Tuesday, March 4, 2008

Day 213 - Williamsburg's Ethnic Arc


My friend Shelby and I took a wonderful stroll through an arc of ever-changing Williamsburg today.

We started out at Pratt in Fort Greene and wended our way north through the Hasidic neighborhoods in South Williamsburg. Incredibly, I don't think I'd ever really been through this area before on foot--at least not the eastern sections in Broadway Triangle that appeared more like a shtetl than a Brooklyn neighborhood. It was an incredible sight: every sign in Hebrew or Yiddish and every single person I passed a member of the Hasidim. I don't know why I was so naive about this, but it was exhilarating to walk through.

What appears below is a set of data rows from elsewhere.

lemma conv_Omega_eq_integral_cbox:
  fixes f \<phi> :: "real^'n::finite \<Rightarrow> complex"
  assumes sm: "smooth_on \<Omega> f" and c\<phi>: "continuous_on UNIV \<phi>"
    and supp: "\<And>s. \<phi> s \<noteq> 0 \<Longrightarrow> norm s \<le> R"
    and c: "c = (\<chi> i. R)"
    and int1: "integral (cbox (- c) c) \<phi> = 1"
    and box: "cbox (y - c) (y + c) \<subseteq> \<Omega>"
    and tild: "cball y (2 * R) \<subseteq> Omega_tilde \<Omega> \<phi>"
  shows "conv_Omega \<Omega> f \<phi> y = integral (cbox (- c) c) (\<lambda>s. f (y - s) * \<phi> s)"
proof -
  have eq: "indicator \<Omega> t *\<^sub>R (f t * C_Omega \<Omega> \<phi> t * \<phi> (y - t))
      = indicator (cbox (y - c) (y + c)) t *\<^sub>R (f t * \<phi> (y - t))" for t
  proof (cases "\<phi> (y - t) = 0")
    case False
    then have yt: "norm (y - t) \<le> R"
      using supp by blast
    then show ?thesis
      using C_Omega_eq_1[OF c\<phi> supp c int1 tild yt] box mem_cbox_uniform_if_norm_le[OF yt]
      by (auto simp: c mem_cbox_translate_iff)
  qed simp
  have "conv_Omega \<Omega> f \<phi> y
      = integral\<^sup>L lborel (\<lambda>t. indicator (cbox (y - c) (y + c)) t *\<^sub>R (f t * \<phi> (y - t)))"
    unfolding conv_Omega_def set_lebesgue_integral_def eq ..
  moreover have cont: "continuous_on (cbox (y - c) (y + c)) (\<lambda>t. f t * \<phi> (y - t))"
    using smooth_on_continuous_pdiffs[OF sm, of "[]"] box
    by (intro continuous_on_mult continuous_on_compose2[OF c\<phi>])
       (auto intro!: continuous_intros intro: continuous_on_subset)
  ultimately show ?thesis
    using lebesgue_integral_indicator_cbox[OF cont]
      integral_cbox_reflect_translate[OF integrable_continuous[OF cont]]
    by simp
qed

North of Broadway, we stopped in at the Moore St. Market which is one of the dozen or so public markets created during the LaGuardia administration in the 1930s to round up and put all of the pushcart peddlers under one roof. The goal was primarily to make streets less congested. But corralling the vendors also made it easier for inspectors to check their scales and ensure that they weren't shorting customers. The market is the source of some community consternation lately. Vendors, mostly of religious and cultural knick-knacks and a handful of purveyors of produce of questionable quality, feel pressured by the City's Economic Development Corporation to move out. EDC, at the same time, is working to improve the breadth of offerings at the market. Always in this neighborhood, change is viewed suspiciously as gentrification--as catering to a younger, whiter, more affluent group of newcomers at the expense of current residents.

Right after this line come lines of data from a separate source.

(* Let $N,M\ge1$, $\mathbf{y}\in\mathbb{C}^M$, $\mathbf{x}\in\mathbb{R}^N$, $\mu_1,\dots,\mu_N\in\mathbb{R}$, $\sigma_1,\dots,\sigma_N>0$, $\delta^2>0$, $\sigma_h^2>0$, $\sigma_w^2>0$, and let $c=\exp\left(\frac{2\pi j}{N+1}\right)$ with $j=\sqrt{-1}$. Consider latent variables $T\in\{0,1,\dots,N\}$ and $\boldsymbol\theta=[\theta_1,\dots,\theta_N]^T\in(0,1)^N$ with joint density (with observation $\mathbf{y}$) $$p(\mathbf{y},T=m,\boldsymbol\theta\mid\boldsymbol\Phi)=\frac{1}{[2\pi(\sigma_h^2m+\sigma_w^2)]^M}\exp\left(-\frac{\|\mathbf{y}\|_2^2}{2(\sigma_h^2m+\sigma_w^2)}\right)\cdot P(m\mid\boldsymbol\theta)\cdot p(\boldsymbol\theta\mid\mathbf{x}),$$ where $P(m\mid\boldsymbol\theta)=\frac{1}{N+1}\sum_{\ell=0}^N c^{-\ell m}\prod_{k=1}^N[1+(c^\ell-1)\theta_k]$ (the Poisson-binomial probability of $m$ successes in independent Bernoulli trials with success probabilities $\theta_1,\dots,\theta_N$) and $$p(\boldsymbol\theta\mid\mathbf{x})=\left(\prod_{n=1}^N\frac{\sigma_n}{\theta_n-\theta_n^2}\right)\frac{1}{(2\pi)^{N/2}\delta^N}\exp\left(-\frac{\sum_{n=1}^N\left(-\sigma_n\log\left(\frac{1}{\theta_n}-1\right)+\mu_n-x_n\right)^2}{2\delta^2}\right).$$ Let $q(T)$ be a probability mass function on $\{0,\dots,N\}$ and $q(\theta_1),\dots,q(\theta_N)$ probability densities on $(0,1)$, and let $\mathbb{E}$ denote expectation with respect to the product distribution $q(T)\prod_n q(\theta_n)$. Then the mean-field (variational E-step) updates $$q^*(T)\propto\exp\left\{\mathbb{E}_{\boldsymbol\theta}\left[\log p(\mathbf{y},T,\boldsymbol\theta\mid\boldsymbol\Phi)\right]\right\},\qquad q^*(\theta_n)\propto\exp\left\{\mathbb{E}_{T,\boldsymbol\theta\setminus\theta_n}\left[\log p(\mathbf{y},T,\boldsymbol\theta\mid\boldsymbol\Phi)\right]\right\}$$ are given by $$q^*(T=m)=\frac{g_a(m)}{\sum_{k=0}^N g_a(k)},\qquad q^*(\theta_n=z_n)=\frac{g_b(z_n)}{\int_0^1 g_b(z_n)\,dz_n},$$ where $$g_a(m)=\frac{\mathcal{F}_1(m)}{(\sigma_w^2+m\sigma_h^2)^M}\exp\left\{-\frac{\|\mathbf{y}\|_2^2}{2(\sigma_w^2+m\sigma_h^2)}\right\},$$ $$g_b(z_n)=\frac{\mathcal{F}_2(z_n)}{z_n(1-z_n)}\exp\left\{-\frac{1}{2\delta^2}\left(-\sigma_n\log\left(\frac{1}{z_n}-1\right)+\mu_n-x_n\right)^2\right\},$$ $$\mathcal{F}_1(m)=\exp\left\{\mathbb{E}_{\boldsymbol\theta}\left(\log\Big(\sum_{\ell=0}^N c^{-\ell m}\prod_{k=1}^N[1+(c^\ell-1)\theta_k]\Big)\right)\right\},$$ $$\mathcal{F}_2(z_n)=\left.\exp\left\{\mathbb{E}_{T,\boldsymbol\theta\setminus\theta_n}\left(\log\Big(\sum_{\ell=0}^N c^{-\ell T}\prod_{k=1}^N[1+(c^\ell-1)\theta_k]\Big)\right)\right\}\right|_{\theta_n=z_n}.$$
   Context: $\boldsymbol\Phi=\{\mathbf{x},\delta^2,\sigma_h^2,\sigma_w^2\}$ is the parameter set. $\mathbb{E}_{\boldsymbol\theta}$ is expectation over $\boldsymbol\theta\sim\prod_k q(\theta_k)$; $\mathbb{E}_{T,\boldsymbol\theta\setminus\theta_n}$ is expectation over $T\sim q(T)$ and $\theta_k\sim q(\theta_k)$, $k\ne n$, independently, with $\theta_n$ held fixed. The sum $\sum_{\ell}c^{-\ell m}\prod_k[1+(c^\ell-1)\theta_k]$ equals $(N+1)P(m\mid\boldsymbol\theta)$, a positive real number. Expectations are assumed finite. *)

theory Defs
  imports "HOL-Probability.Probability"
begin

definition c_root :: "nat \<Rightarrow> complex" where
  "c_root N = cis (2 * pi / real (N + 1))"

definition PBsum :: "nat \<Rightarrow> nat \<Rightarrow> (nat \<Rightarrow> real) \<Rightarrow> complex" where
  "PBsum N m \<theta> = (\<Sum>l = 0..N. inverse (c_root N) ^ (l * m) *
        (\<Prod>k = 1..N. 1 + (c_root N ^ l - 1) * complex_of_real (\<theta> k)))"

definition PB :: "nat \<Rightarrow> nat \<Rightarrow> (nat \<Rightarrow> real) \<Rightarrow> real" where
  "PB N m \<theta> = Re (PBsum N m \<theta>) / real (N + 1)"

definition prior :: "nat \<Rightarrow> (nat \<Rightarrow> real) \<Rightarrow> (nat \<Rightarrow> real) \<Rightarrow> real \<Rightarrow> (nat \<Rightarrow> real)
    \<Rightarrow> (nat \<Rightarrow> real) \<Rightarrow> real" where
  "prior N \<mu> \<sigma> dsq x \<theta> =
     (\<Prod>n = 1..N. \<sigma> n / (\<theta> n - (\<theta> n)\<^sup>2)) *
     (1 / ((2 * pi) powr (real N / 2) * sqrt dsq ^ N)) *
     exp (- (\<Sum>n = 1..N. (- \<sigma> n * ln (1 / \<theta> n - 1) + \<mu> n - x n)\<^sup>2) / (2 * dsq))"

text \<open>Joint density p(y, T = m, theta | Phi); M = CARD('m), hsq = sigma_h^2, wsq = sigma_w^2.\<close>
definition joint :: "nat \<Rightarrow> (nat \<Rightarrow> real) \<Rightarrow> (nat \<Rightarrow> real) \<Rightarrow> real \<Rightarrow> real \<Rightarrow> real
    \<Rightarrow> (nat \<Rightarrow> real) \<Rightarrow> complex ^ 'm \<Rightarrow> nat \<Rightarrow> (nat \<Rightarrow> real) \<Rightarrow> real" where
  "joint N \<mu> \<sigma> dsq hsq wsq x y m \<theta> =
     1 / (2 * pi * (hsq * real m + wsq)) ^ CARD('m) *
     exp (- (norm y)\<^sup>2 / (2 * (hsq * real m + wsq))) *
     PB N m \<theta> * prior N \<mu> \<sigma> dsq x \<theta>"

definition qdist :: "(nat \<Rightarrow> real \<Rightarrow> real) \<Rightarrow> nat \<Rightarrow> real measure" where
  "qdist qth n = density lborel (\<lambda>z. ennreal (qth n z) * indicator {0<..<1} z)"

definition Qprod :: "(nat \<Rightarrow> real \<Rightarrow> real) \<Rightarrow> nat set \<Rightarrow> (nat \<Rightarrow> real) measure" where
  "Qprod qth I = PiM I (qdist qth)"

definition qstarT :: "nat \<Rightarrow> (nat \<Rightarrow> real) \<Rightarrow> (nat \<Rightarrow> real) \<Rightarrow> real \<Rightarrow> real \<Rightarrow> real
    \<Rightarrow> (nat \<Rightarrow> real) \<Rightarrow> complex ^ 'm \<Rightarrow> (nat \<Rightarrow> real \<Rightarrow> real) \<Rightarrow> nat \<Rightarrow> real" where
  "qstarT N \<mu> \<sigma> dsq hsq wsq x y qth m =
     exp (\<integral>\<theta>. ln (joint N \<mu> \<sigma> dsq hsq wsq x y m \<theta>) \<partial>Qprod qth {1..N}) /
     (\<Sum>k = 0..N. exp (\<integral>\<theta>. ln (joint N \<mu> \<sigma> dsq hsq wsq x y k \<theta>) \<partial>Qprod qth {1..N}))"

definition Hth :: "nat \<Rightarrow> (nat \<Rightarrow> real) \<Rightarrow> (nat \<Rightarrow> real) \<Rightarrow> real \<Rightarrow> real \<Rightarrow> real
    \<Rightarrow> (nat \<Rightarrow> real) \<Rightarrow> complex ^ 'm \<Rightarrow> (nat \<Rightarrow> real) \<Rightarrow> (nat \<Rightarrow> real \<Rightarrow> real)
    \<Rightarrow> nat \<Rightarrow> real \<Rightarrow> real" where
  "Hth N \<mu> \<sigma> dsq hsq wsq x y qT qth n z =
     (\<Sum>m = 0..N. qT m *
        (\<integral>\<theta>. ln (joint N \<mu> \<sigma> dsq hsq wsq x y m (\<theta>(n := z))) \<partial>Qprod qth ({1..N} - {n})))"

definition qstarTheta :: "nat \<Rightarrow> (nat \<Rightarrow> real) \<Rightarrow> (nat \<Rightarrow> real) \<Rightarrow> real \<Rightarrow> real \<Rightarrow> real
    \<Rightarrow> (nat \<Rightarrow> real) \<Rightarrow> complex ^ 'm \<Rightarrow> (nat \<Rightarrow> real) \<Rightarrow> (nat \<Rightarrow> real \<Rightarrow> real)
    \<Rightarrow> nat \<Rightarrow> real \<Rightarrow> real" where
  "qstarTheta N \<mu> \<sigma> dsq hsq wsq x y qT qth n z =
     exp (Hth N \<mu> \<sigma> dsq hsq wsq x y qT qth n z) /
     (LINT w:{0<..<1}|lborel. exp (Hth N \<mu> \<sigma> dsq hsq wsq x y qT qth n w))"

definition F1 :: "nat \<Rightarrow> (nat \<Rightarrow> real \<Rightarrow> real) \<Rightarrow> nat \<Rightarrow> real" where
  "F1 N qth m = exp (\<integral>\<theta>. ln (Re (PBsum N m \<theta>)) \<partial>Qprod qth {1..N})"

definition F2 :: "nat \<Rightarrow> (nat \<Rightarrow> real) \<Rightarrow> (nat \<Rightarrow> real \<Rightarrow> real) \<Rightarrow> nat \<Rightarrow> real \<Rightarrow> real" where
  "F2 N qT qth n z = exp (\<Sum>m = 0..N. qT m *
        (\<integral>\<theta>. ln (Re (PBsum N m (\<theta>(n := z)))) \<partial>Qprod qth ({1..N} - {n})))"

definition ga :: "nat \<Rightarrow> real \<Rightarrow> real \<Rightarrow> complex ^ 'm \<Rightarrow> (nat \<Rightarrow> real \<Rightarrow> real) \<Rightarrow> nat \<Rightarrow> real" where
  "ga N hsq wsq y qth m =
     F1 N qth m / (wsq + real m * hsq) ^ CARD('m) *
     exp (- (norm y)\<^sup>2 / (2 * (wsq + real m * hsq)))"

definition gb :: "nat \<Rightarrow> (nat \<Rightarrow> real) \<Rightarrow> (nat \<Rightarrow> real) \<Rightarrow> real \<Rightarrow> (nat \<Rightarrow> real)
    \<Rightarrow> (nat \<Rightarrow> real) \<Rightarrow> (nat \<Rightarrow> real \<Rightarrow> real) \<Rightarrow> nat \<Rightarrow> real \<Rightarrow> real" where
  "gb N \<mu> \<sigma> dsq x qT qth n z =
     F2 N qT qth n z / (z * (1 - z)) *
     exp (- (1 / (2 * dsq)) * (- \<sigma> n * ln (1 / z - 1) + \<mu> n - x n)\<^sup>2)"

end

(*
  Discrete Fourier inversion over the (N+1)-th roots of unity turns the sum over l into
  (N+1) times the Poisson-binomial probability, the sum over all m-element S of
  prod_{k in S} theta_k * prod_{k not in S} (1 - theta_k), which is positive on the open
  unit cube.  Hence the logarithm of the joint density splits into the log-likelihood of y
  given T = m, the logarithm of that sum, and one prior term per coordinate theta_k.  In each
  mean-field expectation, the summands not involving the variable being updated contribute a
  constant that is the same for all its values, and this constant cancels on normalisation.
*)
theory Submission
  imports Defs
begin

lemma sum_root_of_unity_powers:
  fixes j m N :: nat
  assumes "j \<le> N" "m \<le> N"
  shows "(\<Sum>l = 0..N. inverse (c_root N) ^ (l * m) * (c_root N ^ l) ^ j)
           = (if j = m then of_nat (N + 1) else 0)"
proof -
  define t where "t = 2 * pi * (real j - real m) / real (N + 1)"
  define w where "w = cis t"
  have term_eq: "inverse (c_root N) ^ (l * m) * (c_root N ^ l) ^ j = w ^ l" for l
    unfolding c_root_def cis_inverse Complex.DeMoivre cis_mult w_def
    by (simp add: t_def diff_divide_distrib algebra_simps)
  have "(\<Sum>l = 0..N. inverse (c_root N) ^ (l * m) * (c_root N ^ l) ^ j) = (\<Sum>l<N + 1. w ^ l)"
    by (simp add: term_eq atLeast0AtMost lessThan_Suc_atMost)
  also have "\<dots> = (if j = m then of_nat (N + 1) else 0)"
  proof (cases "j = m")
    case True
    then show ?thesis by (simp add: w_def t_def)
  next
    case False
    have "w ^ (N + 1) = cis (2 * pi * real_of_int (int j - int m))"
      unfolding w_def Complex.DeMoivre by (simp add: t_def)
    then have w_pow: "w ^ (N + 1) = 1"
      by (simp only: cis_multiple_2pi[of "real_of_int (int j - int m)"] Ints_of_int)
    have "w \<noteq> 1"
    proof
      assume "w = 1"
      then obtain n :: int where "t = of_int (2 * n) * pi"
        by (auto simp: w_def cis_conv_exp exp_eq_1)
      then have "2 * pi * (real j - real m) = 2 * pi * (real_of_int n * real (N + 1))"
        by (simp add: t_def field_simps)
      then have "real j - real m = real_of_int n * real (N + 1)"
        by simp
      then have "real_of_int (int j - int m) = real_of_int (n * int (N + 1))"
        by simp
      then have "int j - int m = n * int (N + 1)"
        by (simp only: of_int_eq_iff)
      moreover have "\<bar>int j - int m\<bar> < int (N + 1)" using assms by simp
      ultimately have "n = 0" by (auto simp: abs_mult)
      then show False using \<open>int j - int m = n * int (N + 1)\<close> False by simp
    qed
    then show ?thesis using geometric_sum[of w "N + 1"] w_pow False by simp
  qed
  finally show ?thesis .
qed

lemma PBsum_eq_poisson_binomial:
  assumes "m \<le> N"
  shows "PBsum N m \<theta> = complex_of_real (real (N + 1) *
           (\<Sum>S | S \<subseteq> {1..N} \<and> card S = m. (\<Prod>k\<in>S. \<theta> k) * (\<Prod>k\<in>{1..N} - S. 1 - \<theta> k)))"
proof -
  define p where "p S = (\<Prod>k\<in>S. \<theta> k) * (\<Prod>k\<in>{1..N} - S. 1 - \<theta> k)" for S
  have expand: "(\<Prod>k = 1..N. 1 + (w - 1) * complex_of_real (\<theta> k))
      = (\<Sum>S\<in>Pow {1..N}. w ^ card S * complex_of_real (p S))" for w
  proof -
    have "(\<Prod>k = 1..N. 1 + (w - 1) * complex_of_real (\<theta> k))
        = (\<Prod>k = 1..N. w * complex_of_real (\<theta> k) + complex_of_real (1 - \<theta> k))"
      by (simp add: algebra_simps)
    also have "\<dots> = (\<Sum>S\<in>Pow {1..N}. w ^ card S * complex_of_real (p S))"
      by (simp add: prod_add prod.distrib p_def mult.assoc)
    finally show ?thesis .
  qed
  have card_le: "S \<in> Pow {1..N} \<Longrightarrow> card S \<le> N" for S
    using card_mono[of "{1..N}" S] by simp
  have "PBsum N m \<theta> = (\<Sum>S\<in>Pow {1..N}. complex_of_real (p S) *
      (\<Sum>l = 0..N. inverse (c_root N) ^ (l * m) * (c_root N ^ l) ^ card S))"
    unfolding PBsum_def expand
    by (simp add: sum_distrib_left sum_distrib_right sum.swap[of _ "{0..N}"] algebra_simps)
  also have "\<dots> = (\<Sum>S\<in>Pow {1..N}. if card S = m then of_nat (N + 1) * complex_of_real (p S) else 0)"
    by (rule sum.cong) (simp_all add: sum_root_of_unity_powers card_le assms)
  also have "\<dots> = complex_of_real (real (N + 1) * (\<Sum>S | S \<subseteq> {1..N} \<and> card S = m. p S))"
    by (simp add: sum.If_cases sum_distrib_left Int_def conj_commute)
  finally show ?thesis unfolding p_def .
qed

After some malta, we set out on a route that took us north through old Italian Williamsburg along Manhattan, Grand and Metropolitan Avenues. These are areas like I grew up in--at least in terms of the demography. I was actually surprised to see as much as is still left. I assumed they were all hipsters at this point!

Here are some shots of old store signs and the odd architectural or street scene curiosity.

1 comment:

Unknown said...

I'm honored to have made an appearance in your blog. This was an awesome day, now made awesomer through your clever documentation. Where and when will we explore again?